Guy Macon <http://www.guymacon.com/> wrote:

> but if you decide to to serve your pages as text/html then there is
> no good reason to use anything except HTML 4.01.
>
> I have been redoing my webpages, and I have decided to have two copies
> of each page: one is HTML 4.01 strict served as text/html with a filename
> of *.html, and the other is XHTML 1.1 served as application/xhtml+xml
> with a filename of *.xhtml - all with appropriatly labelled navigation
> links to give the user a choice of versions.

Out of curiosity, what use case inspired you to expend the extra effort
the maintain two versions? (I have been making observations about the
subject matter for some time now, and I am always curious about motives
that I may have failed to consider myself.)

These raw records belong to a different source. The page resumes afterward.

lemma nn_integral_ge_on_interval:
  fixes f :: "real \<Rightarrow> real"
  assumes "0 \<le> a" "a \<le> b" "0 \<le> c" "\<And>\<tau>. \<tau> \<in> {a..b} \<Longrightarrow> c \<le> f \<tau>"
  shows "ennreal (c * (b - a)) \<le> (\<integral>\<^sup>+ \<tau> \<in> {0..}. ennreal (f \<tau>) \<partial>lborel)"
proof -
  have "ennreal (c * (b - a)) = (\<integral>\<^sup>+ \<tau>. ennreal c * indicator {a..b} \<tau> \<partial>lborel)"
    using assms by (simp add: nn_integral_cmult_indicator ennreal_mult)
  also have "\<dots> \<le> (\<integral>\<^sup>+ \<tau> \<in> {0..}. ennreal (f \<tau>) \<partial>lborel)"
    using assms by (intro nn_integral_mono) (auto simp: ennreal_leI split: split_indicator)
  finally show ?thesis .
qed

lemma nn_integral_exp_neg:
  fixes a :: real
  assumes "a > 0"
  shows "(\<integral>\<^sup>+ t. ennreal (exp (- a * t)) * indicator {0..} t \<partial>lborel) = ennreal (1 / a)"
proof -
  have "(\<integral>\<^sup>+ t. ennreal (indicator {0..} t * exp (- a * t)) \<partial>lborel) = ennreal (exp (- a * 0) / a)"
    using has_integral_exp_minus_to_infinity[OF assms, of 0]
    by (intro nn_integral_has_integral_lebesgue) auto
  then show ?thesis
    by (simp add: mult.commute indicator_mult_ennreal)
qed

lemma mult_le_if_powr_mult_le:
  fixes a b c p :: real
  assumes "0 \<le> a" "0 \<le> b" "0 \<le> c" "p > 0" "c powr p * a powr p \<le> b powr p"
  shows "c * a \<le> b"
proof (rule ccontr)
  assume "\<not> c * a \<le> b"
  then have "b powr p < (c * a) powr p"
    using assms by (intro powr_less_mono2) auto
  then show False using assms by (simp add: powr_mult)
qed

lemma half_power_floor_le_exp:
  fixes t T :: real
  assumes "T > 0" "t \<ge> 0"
  shows "(1/2) ^ nat \<lfloor>t / T\<rfloor> \<le> 2 * exp (- (ln 2 / T) * t)"
proof -
  define n where "n = nat \<lfloor>t / T\<rfloor>"
  have "t / T < real n + 1"
    using assms unfolding n_def by linarith
  then have "t < (real n + 1) * T"
    using assms by (simp add: divide_less_eq)
  then have "(ln 2 / T) * t \<le> (ln 2 / T) * ((real n + 1) * T)"
    using assms by (intro mult_left_mono) auto
  then have "exp (- (ln 2 / T) * ((real n + 1) * T)) \<le> exp (- (ln 2 / T) * t)"
    by simp
  also have "- (ln 2 / T) * ((real n + 1) * T) = real (Suc n) * (- ln 2)"
    using assms by (simp add: field_simps)
  also have "exp (real (Suc n) * (- ln 2)) = exp (- ln 2) ^ Suc n"
    by (rule exp_of_nat_mult)
  finally have "(1/2) ^ Suc n \<le> exp (- (ln 2 / T) * t)"
    by (simp add: exp_minus)
  then show ?thesis unfolding n_def by simp
qed

lemma forward_complete_system_shift:
  "forward_complete_system S \<phi> \<Longrightarrow> \<sigma> \<in> S \<Longrightarrow> \<tau> \<ge> 0 \<Longrightarrow> shift \<tau> \<sigma> \<in> S"
  unfolding forward_complete_system_def by blast

lemma forward_complete_system_initial:
  "forward_complete_system S \<phi> \<Longrightarrow> \<sigma> \<in> S \<Longrightarrow> \<phi> 0 x \<sigma> = x"
  unfolding forward_complete_system_def by blast

lemma forward_complete_system_continuous:
  "forward_complete_system S \<phi> \<Longrightarrow> \<sigma> \<in> S \<Longrightarrow> continuous_on {0..} (\<lambda>t. \<phi> t x \<sigma>)"
  unfolding forward_complete_system_def by blast

lemma forward_complete_system_restart:
  assumes "forward_complete_system S \<phi>" "\<sigma> \<in> S" "0 \<le> \<tau>" "\<tau> \<le> t"
  shows "\<phi> t x \<sigma> = \<phi> (t - \<tau>) (\<phi> \<tau> x \<sigma>) (shift \<tau> \<sigma>)"
proof -
  have "\<forall>t\<ge>0. \<forall>\<tau>\<ge>0. \<forall>x. \<forall>\<sigma>\<in>S. \<phi> \<tau> (\<phi> t x \<sigma>) (shift t \<sigma>) = \<phi> (t + \<tau>) x \<sigma>"
    using assms(1) unfolding forward_complete_system_def by blast
  then have "\<phi> (t - \<tau>) (\<phi> \<tau> x \<sigma>) (shift \<tau> \<sigma>) = \<phi> (\<tau> + (t - \<tau>)) x \<sigma>"
    using assms(2-4) by simp
  then show ?thesis by simp
qed

context
  fixes S :: "(real \<Rightarrow> 'q) set" and \<phi> :: "real \<Rightarrow> 'a::banach \<Rightarrow> (real \<Rightarrow> 'q) \<Rightarrow> 'a"
    and r T :: real
  assumes sys: "forward_complete_system S \<phi>" and T: "T > 0"
    and halving: "\<And>y \<sigma>. norm y \<le> r \<Longrightarrow> \<sigma> \<in> S \<Longrightarrow> norm (\<phi> T y \<sigma>) \<le> norm y / 2"
begin

lemma halving_iterate:
  assumes "norm y \<le> r" "\<sigma> \<in> S"
  shows "norm (\<phi> (real n * T) y \<sigma>) \<le> (1/2) ^ n * norm y"
  using assms
proof (induction n arbitrary: y \<sigma>)
  case 0
  then show ?case using forward_complete_system_initial[OF sys] by simp
next
  case (Suc n)
  have half: "norm (\<phi> T y \<sigma>) \<le> norm y / 2" using halving Suc.prems by blast
  then have "norm (\<phi> T y \<sigma>) \<le> r" using Suc.prems norm_ge_zero[of y] by linarith
  moreover have "shift T \<sigma> \<in> S" using forward_complete_system_shift[OF sys Suc.prems(2)] T by simp
  moreover have "\<phi> (real (Suc n) * T) y \<sigma> = \<phi> (real n * T) (\<phi> T y \<sigma>) (shift T \<sigma>)"
    using forward_complete_system_restart[OF sys Suc.prems(2), of T "real (Suc n) * T"] T
    by (simp add: algebra_simps)
  ultimately have "norm (\<phi> (real (Suc n) * T) y \<sigma>) \<le> (1/2) ^ n * norm (\<phi> T y \<sigma>)"
    using Suc.IH by simp
  also have "\<dots> \<le> (1/2) ^ n * (norm y / 2)" using half by (intro mult_left_mono) auto
  finally show ?case by simp
qed

lemma exponential_decay_if_halving:
  assumes C: "C \<ge> 0"
    and bounded: "\<And>y \<sigma> t. norm y \<le> r \<Longrightarrow> \<sigma> \<in> S \<Longrightarrow> t \<ge> 0 \<Longrightarrow> norm (\<phi> t y \<sigma>) \<le> C * norm y"
    and x: "norm x \<le> r" and \<sigma>: "\<sigma> \<in> S" and t: "t \<ge> 0"
  shows "norm (\<phi> t x \<sigma>) \<le> 2 * C * exp (- (ln 2 / T) * t) * norm x"
proof -
  define n where "n = nat \<lfloor>t / T\<rfloor>"
  have nT: "0 \<le> real n * T" "real n * T \<le> t"
  proof -
    have "real n \<le> t / T" using t T unfolding n_def by (simp add: of_nat_nat)
    then show "0 \<le> real n * T" "real n * T \<le> t" using T by (auto simp: le_divide_eq)
  qed
  have decayed: "norm (\<phi> (real n * T) x \<sigma>) \<le> (1/2) ^ n * norm x"
    using halving_iterate[OF x \<sigma>] .
  also have "\<dots> \<le> norm x" by (simp add: mult_left_le_one_le power_le_one)
  finally have "norm (\<phi> (real n * T) x \<sigma>) \<le> r" using x by linarith
  moreover have "\<phi> t x \<sigma> = \<phi> (t - real n * T) (\<phi> (real n * T) x \<sigma>) (shift (real n * T) \<sigma>)"
    using forward_complete_system_restart[OF sys \<sigma> nT] .
  ultimately have "norm (\<phi> t x \<sigma>) \<le> C * norm (\<phi> (real n * T) x \<sigma>)"
    using bounded forward_complete_system_shift[OF sys \<sigma> nT(1)] nT(2) by simp
  also have "\<dots> \<le> C * ((1/2) ^ n * norm x)" using decayed C by (intro mult_left_mono)
  also have "\<dots> \<le> C * (2 * exp (- (ln 2 / T) * t) * norm x)"
    using half_power_floor_le_exp[OF T t] C unfolding n_def by (intro mult_left_mono mult_right_mono) auto
  finally show ?thesis by simp
qed

end

lemma nondecr_nonneg_nonneg: "nondecr_nonneg k \<Longrightarrow> 0 \<le> r \<Longrightarrow> 0 \<le> k r"
  unfolding nondecr_nonneg_def by blast

lemma nondecr_nonneg_mono: "nondecr_nonneg k \<Longrightarrow> 0 \<le> r \<Longrightarrow> r \<le> s \<Longrightarrow> k r \<le> k s"
  unfolding nondecr_nonneg_def by (auto intro: mono_onD)

lemma integral_bound_on_ball:
  assumes integral: "integral_bound S \<phi> p k" and k: "nondecr_nonneg k" and p: "p > 0"
    and y: "norm y \<le> \<rho>" and \<sigma>: "\<sigma> \<in> S"
  shows "(\<integral>\<^sup>+ t \<in> {0..}. ennreal (norm (\<phi> t y \<sigma>) powr p) \<partial>lborel) \<le> ennreal ((k \<rho> * norm y) powr p)"
proof -
  have "k (norm y) \<le> k \<rho>" "0 \<le> k (norm y)"
    using nondecr_nonneg_mono[OF k norm_ge_zero y] nondecr_nonneg_nonneg[OF k norm_ge_zero] .
  then have "k (norm y) powr p * norm y powr p \<le> (k \<rho> * norm y) powr p"
    using p by (simp add: powr_mult mult_right_mono powr_mono2)
  then show ?thesis
    using integral \<sigma> unfolding integral_bound_def by (meson ennreal_leI order_trans)
qed

context
  fixes S :: "(real \<Rightarrow> 'q) set" and \<phi> :: "real \<Rightarrow> 'a::banach \<Rightarrow> (real \<Rightarrow> 'q) \<Rightarrow> 'a"
    and p :: real and k :: "real \<Rightarrow> real"
  assumes sys: "forward_complete_system S \<phi>"
    and p: "p > 0" and k: "nondecr_nonneg k" and integral: "integral_bound S \<phi> p k"
begin

lemma small_value_in_window:
  assumes \<sigma>: "\<sigma> \<in> S" and h: "h > 0" and t: "h \<le> t" and y: "norm y \<le> \<rho>"
  obtains \<tau> where "\<tau> \<in> {t - h..t}" "norm (\<phi> \<tau> y \<sigma>) \<le> k \<rho> / h powr (1/p) * norm y"
proof -
  have "{t - h..t} \<subseteq> {0..}" using t by auto
  then have "continuous_on {t - h..t} (\<lambda>\<tau>. \<phi> \<tau> y \<sigma>)"
    by (rule continuous_on_subset[OF forward_complete_system_continuous[OF sys \<sigma>]])
  then have cont: "continuous_on {t - h..t} (\<lambda>\<tau>. norm (\<phi> \<tau> y \<sigma>))"
    by (rule continuous_on_norm)
  have ne: "{t - h..t} \<noteq> {}" using h by simp
  from continuous_attains_inf[OF compact_Icc ne cont]
  obtain \<tau> where \<tau>: "\<tau> \<in> {t - h..t}"
    and min: "\<forall>s\<in>{t - h..t}. norm (\<phi> \<tau> y \<sigma>) \<le> norm (\<phi> s y \<sigma>)"
    by blast
  have "ennreal (norm (\<phi> \<tau> y \<sigma>) powr p * (t - (t - h)))
      \<le> (\<integral>\<^sup>+ s \<in> {0..}. ennreal (norm (\<phi> s y \<sigma>) powr p) \<partial>lborel)"
    using t h min p by (intro nn_integral_ge_on_interval powr_mono2) auto
  also have "\<dots> \<le> ennreal ((k \<rho> * norm y) powr p)"
    using integral_bound_on_ball[OF integral k p y \<sigma>] .
  finally have "h * norm (\<phi> \<tau> y \<sigma>) powr p \<le> (k \<rho> * norm y) powr p"
    by (simp add: ennreal_le_iff mult.commute)
  moreover have "(h powr (1/p)) powr p = h"
    using h p by (simp add: powr_powr)
  ultimately have "(h powr (1/p)) powr p * norm (\<phi> \<tau> y \<sigma>) powr p \<le> (k \<rho> * norm y) powr p"
    by simp
  then have "h powr (1/p) * norm (\<phi> \<tau> y \<sigma>) \<le> k \<rho> * norm y"
    by (rule mult_le_if_powr_mult_le[rotated 4])
      (use p nondecr_nonneg_nonneg[OF k order_trans[OF norm_ge_zero y]] in auto)
  then have "norm (\<phi> \<tau> y \<sigma>) \<le> k \<rho> / h powr (1/p) * norm y"
    using h by (simp add: field_simps)
  with \<tau> show thesis by (rule that)
qed

context
  fixes t1 G0 :: real and \<beta> :: "real \<Rightarrow> real"
  assumes t1: "t1 > 0" and G0: "G0 > 0"
    and \<beta>_K: "class_K \<beta>"
    and \<beta>_limsup: "Limsup (at_right 0) (\<lambda>r. ereal (\<beta> r / r)) < \<infinity>"
    and short_time: "\<And>t x \<sigma>. t \<in> {0..t1} \<Longrightarrow> \<sigma> \<in> S \<Longrightarrow> norm (\<phi> t x \<sigma>) \<le> G0 * \<beta> (norm x)"
begin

BTW, if you are referring to http://www.guymacon.com/ , the site shows
an Apache-generated directory listing.

> Example of an XHTML 2.0 document
>
> <?xml version="1.0" encoding="UTF-8"?>
> <?xml-stylesheet type="text/css"
> href="http://www.w3.org/MarkUp/style/xhtml2.css"?>
> <!DOCTYPE html PUBLIC "-//W3C//DTD XHTML 2.0//EN"
> "http://www.w3.org/MarkUp/DTD/xhtml2.dtd">
> <html xmlns="http://www.w3.org/2002/06/xhtml2/" xml:lang="en"
> xmlns:xsi="http://www.w3.org/2001/XMLSchema-instance"
> xsi:schemaLocation="http://www.w3.org/2002/06/xhtml2/
> http://www.w3.org/MarkUp/SCHEMA/xhtml2.xsd"
> >
>
> Do I need any of the extra stuff above, or is my simpler version above
> suitable for what I am doing? I do use CSS, but no tables, math, etc.

That's from a XHTML 2.0 draft and, due to the draft status at the very
least, should not be deployed on the Web.

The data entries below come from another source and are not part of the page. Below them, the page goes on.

lemma normal_form:
  assumes f: "f = (\<lambda>i j k. cube (of_real_vec a) i j k + cube b i j k + cube (conjv b) i j k)"
    and "bil (of_real_vec a) b = 0" "bil b b = 0"
  shows "\<exists>(T::real^3^3) (\<epsilon>::real) (c::real) (lam::real).
            orthogonal_matrix T \<and> \<epsilon> \<in> {0, 1} \<and> c \<noteq> 0 \<and>
            (\<lambda>i j k. complex_of_real c * tmat T f i j k) =
            (\<lambda>i j k. complex_of_real \<epsilon> * (cube beta0 i j k + cube (conjv beta0) i j k)
                     + complex_of_real lam * cube e3 i j k)"
proof -
  define P :: "real^3" where "P = (\<chi> j. Re (b$j))"
  define Q :: "real^3" where "Q = (\<chi> j. Im (b$j))"
  have b: "b = of_real_vec P + \<i> *s of_real_vec Q"
    by (simp add: P_def Q_def vec_eq_iff complex_eq_iff)
  note PQ = isotropic_re_im[OF b assms(2,3)]
  show ?thesis
  proof (cases "P = 0")
    case True
    hence "b = 0" using PQ b by simp
    obtain T :: "real^3^3" where T: "orthogonal_matrix T" "T *v a = norm a *\<^sub>R axis 3 1"
      using orthogonal_matrix_to_axis by blast
    have "of_real_vec (T *v a) = of_real (norm a) *s e3"
      unfolding T(2) by (simp add: vec_eq_iff forall_3 axis_def)
    hence "(\<lambda>i j k. complex_of_real 1 * tmat T f i j k) =
            (\<lambda>i j k. complex_of_real 0 * (cube beta0 i j k + cube (conjv beta0) i j k)
                     + complex_of_real (norm a ^ 3) * cube e3 i j k)"
      unfolding f tmat_real_decomposition \<open>b = 0\<close> by (simp add: rmat_cvec_def cube_scale)
    thus ?thesis using T(1) by (intro exI[of _ T] exI[of _ 0] exI[of _ 1] exI[of _ "norm a ^ 3"]) simp
  next
    case False
    define \<rho> where "\<rho> = norm P"
    have "\<rho> > 0" using False by (simp add: \<rho>_def)
    obtain T \<mu> where T: "orthogonal_matrix T" "T *v P = \<rho> *\<^sub>R axis 1 1"
        "T *v Q = \<rho> *\<^sub>R axis 2 1" "T *v a = \<mu> *\<^sub>R axis 3 1"
      using orthogonal_matrix_to_axes[OF False PQ(2,1,3,4)] by (auto simp: \<rho>_def)
    have Tb: "rmat_cvec T b = of_real \<rho> *s beta0"
      unfolding b rmat_cvec_add rmat_cvec_scale rmat_cvec_of_real_vec T(2,3)
      by (simp add: vec_eq_iff forall_3 axis_def)
    have Ta: "of_real_vec (T *v a) = of_real \<mu> *s e3"
      unfolding T(4) by (simp add: vec_eq_iff forall_3 axis_def)
    have "(\<lambda>i j k. complex_of_real (1/\<rho>^3) * tmat T f i j k) =
            (\<lambda>i j k. complex_of_real 1 * (cube beta0 i j k + cube (conjv beta0) i j k)
                     + complex_of_real (\<mu>^3/\<rho>^3) * cube e3 i j k)"
      unfolding f tmat_real_decomposition Ta Tb using \<open>\<rho> > 0\<close>
      by (simp add: conjv_scale cube_scale fun_eq_iff field_simps)
    thus ?thesis using T(1) \<open>\<rho> > 0\<close>
      by (intro exI[of _ T] exI[of _ 1] exI[of _ "1/\<rho>^3"] exI[of _ "\<mu>^3/\<rho>^3"]) auto
  qed
qed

There's an awful lot of boilerplate cruft. The crux of the matter is

<html xmlns="http://www.w3.org/2002/06/xhtml2/" xml:lang="en">

The rest is some serious cruft. (And some people would categorize the
namespace declaration as cruft, too, along with the whole concept of
namespaces...)

See also
http://copia.ogbuji.net/blog/2005-08-10/Today_s_XM

The issue tracker page I already referred to provides some hints about
the world view of the HTML WG:

Spartanicus

unread,
Sep 13, 2005, 7:22:06 AM9/13/05
to
Guy Macon <http://www.guymacon.com/> wrote:

>...so it seems to me that if you are willing to serve your pages as
>application/xhtml+xml then there is no reason to avoid XHTML 1.1,

IE and certain other browsers can't handle it, bot compatibility is
questionable, and you are disadvantaging users who use a Gecko based
browser since it cannot render XHTML served as such incrementally.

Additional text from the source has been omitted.